◆ Directions ◆
Could you copy out every line of the data where the word "definition" occurs?

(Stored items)
definition kruskal_rank :: "nat \<Rightarrow> nat \<Rightarrow> (nat \<Rightarrow> nat \<Rightarrow> complex) \<Rightarrow> nat" where
  "kruskal_rank d r S = (GREATEST k. k \<le> r \<and>
      (\<forall>J. J \<subseteq> {..<r} \<and> card J = k \<longrightarrow> lin_indep_on d S J))"

end

theory Submission
  imports Defs
begin

text \<open>
  Let \<open>W\<^sub>j = u\<^sub>j\<^sup>1 \<otimes> \<dots> \<otimes> u\<^sub>j\<^sup>m\<close>, so that \<open>H = \<Sum>\<^sub>j \<lambda>\<^sub>j W\<^sub>j W\<^sub>j\<^sup>*\<close>.
  Contracting a matrix \<open>\<Sum>\<^sub>j c\<^sub>j a\<^sub>j b\<^sub>j\<^sup>T\<close> with a dual family of the \<open>b\<^sub>j\<close> bounds its rank from
  below in terms of the Kruskal ranks of the \<open>a\<^sub>j\<close> and the \<open>b\<^sub>j\<close> (Kruskal's lemma). By induction
  over the modes, the Khatri-Rao product of the factors of a set \<open>I\<close> of modes then has Kruskal rank
  at least \<open>\<Sum>\<^sub>i\<^sub>\<in>\<^sub>I k\<^sub>i - |I| + 1\<close>, so \<open>\<Sum>\<^sub>i k\<^sub>i \<ge> r + m\<close> makes the \<open>W\<^sub>j\<close> linearly independent.
  Contracting \<open>H\<close> with the dual family of the \<open>W\<^sub>j\<close> puts every \<open>W\<^sub>j\<close> into the span of the tensors
  \<open>Z\<^sub>b\<close> of any other decomposition, which therefore has at least \<open>r\<close> terms; if it has exactly \<open>r\<close>,
  the \<open>Z\<^sub>b\<close> are independent and span the same space. Each \<open>Z\<^sub>b\<close> is then a rank-one tensor in the
  span of the \<open>W\<^sub>j\<close>; splitting off a mode of Kruskal rank at least 2 and applying Kruskal's lemma
  once more shows that it is a multiple of a single \<open>W\<^sub>j\<close>. This yields the permutation, and
  comparing coefficients of the independent forms \<open>W\<^sub>j W\<^sub>j\<^sup>*\<close> yields the scalings.
\<close>

section \<open>Linear independence of families of functions\<close>

definition lin_indep_over :: "'p set \<Rightarrow> ('j \<Rightarrow> 'p \<Rightarrow> complex) \<Rightarrow> 'j set \<Rightarrow> bool" where
  "lin_indep_over P f J \<longleftrightarrow> (\<forall>c. (\<forall>p\<in>P. (\<Sum>j\<in>J. c j * f j p) = 0) \<longrightarrow> (\<forall>j\<in>J. c j = 0))"

lemma lin_indep_overD:
  "lin_indep_over P f J \<Longrightarrow> (\<And>p. p \<in> P \<Longrightarrow> (\<Sum>j\<in>J. c j * f j p) = 0) \<Longrightarrow> j \<in> J \<Longrightarrow> c j = 0"
  unfolding lin_indep_over_def by blast

lemma lin_indep_on_iff_lin_indep_over: "lin_indep_on d S J \<longleftrightarrow> lin_indep_over {..<d} S J"
  unfolding lin_indep_on_def lin_indep_over_def by auto

lemma lin_indep_over_subset:
  assumes "lin_indep_over P f J" "K \<subseteq> J" "finite J"
  shows "lin_indep_over P f K"
  unfolding lin_indep_over_def
proof (intro allI impI ballI)
  fix c j assume zero: "\<forall>p\<in>P. (\<Sum>j\<in>K. c j * f j p) = 0" and "j \<in> K"
  define c' where "c' j = (if j \<in> K then c j else 0)" for j
  have "(\<Sum>j\<in>J. c' j * f j p) = (\<Sum>j\<in>K. c j * f j p)" for p
    using assms(2,3) by (intro sum.mono_neutral_cong_right) (auto simp: c'_def)
  then have "c' j = 0"
    using lin_indep_overD[OF assms(1), of c'] zero \<open>j \<in> K\<close> assms(2) by auto
  then show "c j = 0" using \<open>j \<in> K\<close> by (simp add: c'_def)
qed

lemma lin_indep_over_nonzero:
  assumes "lin_indep_over P f J" "j \<in> J" "finite J"
  obtains p where "p \<in> P" "f j p \<noteq> 0"
proof -
  have "lin_indep_over P f {j}" using lin_indep_over_subset assms by blast
  then have "\<not> (\<forall>p\<in>P. f j p = 0)"
    using lin_indep_overD[of P f "{j}" "\<lambda>_. 1" j] by auto
  then show ?thesis using that by blast
qed

lemma lin_indep_over_eliminate:
  assumes indep: "lin_indep_over (insert x P) f C" and "finite C" "c0 \<in> C" "f c0 x \<noteq> 0"
  shows "lin_indep_over P (\<lambda>c p. f c p - f c x / f c0 x * f c0 p) (C - {c0})"
  unfolding lin_indep_over_def
proof (intro allI impI ballI)
  fix \<alpha> j assume zero: "\<forall>p\<in>P. (\<Sum>j\<in>C - {c0}. \<alpha> j * (f j p - f j x / f c0 x * f c0 p)) = 0"
    and j: "j \<in> C - {c0}"
  define \<beta> where "\<beta> c = (if c = c0 then - (\<Sum>j\<in>C - {c0}. \<alpha> j * (f j x / f c0 x)) else \<alpha> c)" for c
  have \<beta>_sum: "(\<Sum>j\<in>C. \<beta> j * f j p) = (\<Sum>j\<in>C - {c0}. \<alpha> j * (f j p - f j x / f c0 x * f c0 p))" for p
  proof -
    have "(\<Sum>j\<in>C. \<beta> j * f j p) = \<beta> c0 * f c0 p + (\<Sum>j\<in>C - {c0}. \<beta> j * f j p)"
      using assms(2,3) by (simp add: sum.remove)
    also have "(\<Sum>j\<in>C - {c0}. \<beta> j * f j p) = (\<Sum>j\<in>C - {c0}. \<alpha> j * f j p)"
      by (intro sum.cong) (auto simp: \<beta>_def)
    finally have "(\<Sum>j\<in>C. \<beta> j * f j p) = \<beta> c0 * f c0 p + (\<Sum>j\<in>C - {c0}. \<alpha> j * f j p)" .
    moreover have "\<beta> c0 = - (\<Sum>j\<in>C - {c0}. \<alpha> j * (f j x / f c0 x))" by (simp add: \<beta>_def)
    moreover have "(\<Sum>j\<in>C - {c0}. \<alpha> j * (f j p - f j x / f c0 x * f c0 p))
        = (\<Sum>j\<in>C - {c0}. \<alpha> j * f j p) - (\<Sum>j\<in>C - {c0}. \<alpha> j * (f j x / f c0 x)) * f c0 p"
      by (simp only: right_diff_distrib sum_subtractf sum_distrib_right mult.assoc)
    ultimately show ?thesis by simp
  qed
  have "(\<Sum>j\<in>C - {c0}. \<alpha> j * (f j x - f j x / f c0 x * f c0 x)) = 0"
    using assms(4) by simp
  then have "(\<Sum>j\<in>C. \<beta> j * f j p) = 0" if "p \<in> insert x P" for p
    using that zero unfolding \<beta>_sum by blast
  then have "\<beta> j = 0"
    using lin_indep_overD[OF indep, of \<beta> j] j by blast
  then show "\<alpha> j = 0" using j by (simp add: \<beta>_def)
qed

lemma lin_indep_over_card_le:
  assumes "lin_indep_over P f C" "finite P"
  shows "card C \<le> card P"
  using assms(2,1)
proof (induction P arbitrary: f C rule: finite_induct)
  case empty
  then show ?case using lin_indep_overD[of "{}" f C "\<lambda>_. 1"] by (cases "C = {}") auto
next
  case (insert x P)
  show ?case
  proof (cases "finite C \<and> (\<exists>c0\<in>C. f c0 x \<noteq> 0)")
    case False
    then have "infinite C \<or> lin_indep_over P f C"
      using insert.prems unfolding lin_indep_over_def by auto
    then show ?thesis using insert.IH insert.hyps by (auto intro: le_SucI)
  next
    case True
    then obtain c0 where "c0 \<in> C" "f c0 x \<noteq> 0" "finite C" by blast
    then have "card (C - {c0}) \<le> card P"
      using insert.IH lin_indep_over_eliminate[OF insert.prems] by blast
    then show ?thesis using insert.hyps \<open>c0 \<in> C\<close> \<open>finite C\<close> by (simp add: card_Diff_singleton)
  qed
qed

lemma lin_indep_over_card_le_span:
  assumes "lin_indep_over P W A" "finite B"
    and span: "\<forall>a\<in>A. \<forall>p\<in>P. W a p = (\<Sum>b\<in>B. s a b * Z b p)"
  shows "card A \<le> card B"
proof -
  have "lin_indep_over B s A"
    unfolding lin_indep_over_def
  proof (intro allI impI ballI)
    fix \<alpha> a assume zero: "\<forall>b\<in>B. (\<Sum>a\<in>A. \<alpha> a * s a b) = 0" and "a \<in> A"
    have "(\<Sum>a\<in>A. \<alpha> a * W a p) = (\<Sum>b\<in>B. (\<Sum>a\<in>A. \<alpha> a * s a b) * Z b p)" if "p \<in> P" for p
      using span that by (simp add: sum_distrib_left sum_distrib_right mult.assoc sum.swap[of _ A])
    then show "\<alpha> a = 0"
      using lin_indep_overD[OF assms(1), of \<alpha> a] zero \<open>a \<in> A\<close> by simp
  qed
  then show ?thesis using lin_indep_over_card_le assms(2) by blast
qed

lemma lin_indep_over_if_spanning:
  assumes indep: "lin_indep_over P W A" "finite B" "card B \<le> card A"
    and span: "\<forall>a\<in>A. \<forall>p\<in>P. W a p = (\<Sum>b\<in>B. s a b * Z b p)"
  shows "lin_indep_over P Z B"
  unfolding lin_indep_over_def
proof (intro allI impI ballI, rule ccontr)
  fix \<beta> b0 assume zero: "\<forall>p\<in>P. (\<Sum>b\<in>B. \<beta> b * Z b p) = 0" and "b0 \<in> B" "\<beta> b0 \<noteq> 0"
  let ?B0 = "B - {b0}"
  have "W a p = (\<Sum>b\<in>?B0. (s a b - s a b0 / \<beta> b0 * \<beta> b) * Z b p)" if "a \<in> A" "p \<in> P" for a p
  proof -
    have "\<beta> b0 * Z b0 p + (\<Sum>b\<in>?B0. \<beta> b * Z b p) = 0"
      using zero that(2) \<open>b0 \<in> B\<close> assms(2) by (simp add: sum.remove)
    then have "(\<Sum>b\<in>?B0. \<beta> b * Z b p) = - (\<beta> b0 * Z b0 p)"
      by (simp add: eq_neg_iff_add_eq_0 add.commute)
    moreover have "W a p = s a b0 * Z b0 p + (\<Sum>b\<in>?B0. s a b * Z b p)"
      using span that \<open>b0 \<in> B\<close> assms(2) by (simp add: sum.remove)
    moreover have "(\<Sum>b\<in>?B0. (s a b - s a b0 / \<beta> b0 * \<beta> b) * Z b p)
        = (\<Sum>b\<in>?B0. s a b * Z b p) - s a b0 / \<beta> b0 * (\<Sum>b\<in>?B0. \<beta> b * Z b p)"
      by (simp only: left_diff_distrib sum_subtractf sum_distrib_left mult.assoc)
    ultimately show ?thesis using \<open>\<beta> b0 \<noteq> 0\<close> by simp
  qed
  then have "card A \<le> card ?B0"
    using lin_indep_over_card_le_span[OF indep(1), where s = "\<lambda>a b. s a b - s a b0 / \<beta> b0 * \<beta> b"] assms(2)
    by blast
  moreover have "card B > 0" using assms(2) \<open>b0 \<in> B\<close> card_gt_0_iff by blast
  ultimately show False using assms(2,3) \<open>b0 \<in> B\<close> by (simp add: card_Diff_singleton)
qed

◆ Solution ◆
definition kruskal_rank :: "nat \<Rightarrow> nat \<Rightarrow> (nat \<Rightarrow> nat \<Rightarrow> complex) \<Rightarrow> nat" where
definition lin_indep_over :: "'p set \<Rightarrow> ('j \<Rightarrow> 'p \<Rightarrow> complex) \<Rightarrow> 'j set \<Rightarrow> bool" where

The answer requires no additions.